[WHAT NEEDS TO BE DONE] Repeat each record word for word. Leave nothing out.

[MATERIAL TO PROCESS]
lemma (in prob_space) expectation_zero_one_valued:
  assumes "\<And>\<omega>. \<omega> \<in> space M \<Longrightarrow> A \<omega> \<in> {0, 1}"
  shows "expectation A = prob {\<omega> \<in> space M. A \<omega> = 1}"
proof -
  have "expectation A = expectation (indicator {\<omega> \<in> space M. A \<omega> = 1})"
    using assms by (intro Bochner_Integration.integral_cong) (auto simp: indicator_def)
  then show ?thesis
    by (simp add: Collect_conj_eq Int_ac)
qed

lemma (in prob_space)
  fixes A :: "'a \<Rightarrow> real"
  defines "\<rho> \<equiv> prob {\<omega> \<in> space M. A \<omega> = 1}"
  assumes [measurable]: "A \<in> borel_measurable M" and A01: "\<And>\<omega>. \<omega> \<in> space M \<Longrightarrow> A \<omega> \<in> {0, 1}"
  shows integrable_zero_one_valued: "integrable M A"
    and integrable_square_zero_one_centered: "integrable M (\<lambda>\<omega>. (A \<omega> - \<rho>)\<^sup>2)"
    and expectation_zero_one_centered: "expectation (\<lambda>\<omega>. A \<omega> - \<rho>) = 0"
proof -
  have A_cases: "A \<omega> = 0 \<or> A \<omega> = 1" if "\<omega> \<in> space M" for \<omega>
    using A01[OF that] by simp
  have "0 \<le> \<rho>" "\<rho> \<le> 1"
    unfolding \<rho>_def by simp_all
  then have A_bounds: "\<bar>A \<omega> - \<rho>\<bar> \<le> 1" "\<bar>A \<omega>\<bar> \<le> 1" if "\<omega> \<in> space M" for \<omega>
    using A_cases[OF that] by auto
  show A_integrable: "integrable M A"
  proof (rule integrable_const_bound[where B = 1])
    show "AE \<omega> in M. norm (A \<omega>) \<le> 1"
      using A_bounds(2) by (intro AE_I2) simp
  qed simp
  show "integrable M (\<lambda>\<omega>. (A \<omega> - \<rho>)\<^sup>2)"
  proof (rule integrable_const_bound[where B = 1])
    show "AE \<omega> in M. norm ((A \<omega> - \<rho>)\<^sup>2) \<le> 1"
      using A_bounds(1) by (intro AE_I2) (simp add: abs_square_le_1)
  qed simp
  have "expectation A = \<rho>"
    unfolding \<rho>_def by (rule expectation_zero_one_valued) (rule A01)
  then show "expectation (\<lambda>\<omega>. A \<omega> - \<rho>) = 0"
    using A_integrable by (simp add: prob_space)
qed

[WRITTEN RESPONSE]
lemma (in prob_space) expectation_zero_one_valued:
  assumes "\<And>\<omega>. \<omega> \<in> space M \<Longrightarrow> A \<omega> \<in> {0, 1}"
  shows "expectation A = prob {\<omega> \<in> space M. A \<omega> = 1}"
proof -
  have "expectation A = expectation (indicator {\<omega> \<in> space M. A \<omega> = 1})"
    using assms by (intro Bochner_Integration.integral_cong) (auto simp: indicator_def)
  then show ?thesis
    by (simp add: Collect_conj_eq Int_ac)
qed

lemma (in prob_space)
  fixes A :: "'a \<Rightarrow> real"
  defines "\<rho> \<equiv> prob {\<omega> \<in> space M. A \<omega> = 1}"
  assumes [measurable]: "A \<in> borel_measurable M" and A01: "\<And>\<omega>. \<omega> \<in> space M \<Longrightarrow> A \<omega> \<in> {0, 1}"
  shows integrable_zero_one_valued: "integrable M A"
    and integrable_square_zero_one_centered: "integrable M (\<lambda>\<omega>. (A \<omega> - \<rho>)\<^sup>2)"
    and expectation_zero_one_centered: "expectation (\<lambda>\<omega>. A \<omega> - \<rho>) = 0"
proof -
  have A_cases: "A \<omega> = 0 \<or> A \<omega> = 1" if "\<omega> \<in> space M" for \<omega>
    using A01[OF that] by simp
  have "0 \<le> \<rho>" "\<rho> \<le> 1"
    unfolding \<rho>_def by simp_all
  then have A_bounds: "\<bar>A \<omega> - \<rho>\<bar> \<le> 1" "\<bar>A \<omega>\<bar> \<le> 1" if "\<omega> \<in> space M" for \<omega>
    using A_cases[OF that] by auto
  show A_integrable: "integrable M A"
  proof (rule integrable_const_bound[where B = 1])
    show "AE \<omega> in M. norm (A \<omega>) \<le> 1"
      using A_bounds(2) by (intro AE_I2) simp
  qed simp
  show "integrable M (\<lambda>\<omega>. (A \<omega> - \<rho>)\<^sup>2)"
  proof (rule integrable_const_bound[where B = 1])
    show "AE \<omega> in M. norm ((A \<omega> - \<rho>)\<^sup>2) \<le> 1"
      using A_bounds(1) by (intro AE_I2) (simp add: abs_square_le_1)
  qed simp
  have "expectation A = \<rho>"
    unfolding \<rho>_def by (rule expectation_zero_one_valued) (rule A01)
  then show "expectation (\<lambda>\<omega>. A \<omega> - \<rho>) = 0"
    using A_integrable by (simp add: prob_space)
qed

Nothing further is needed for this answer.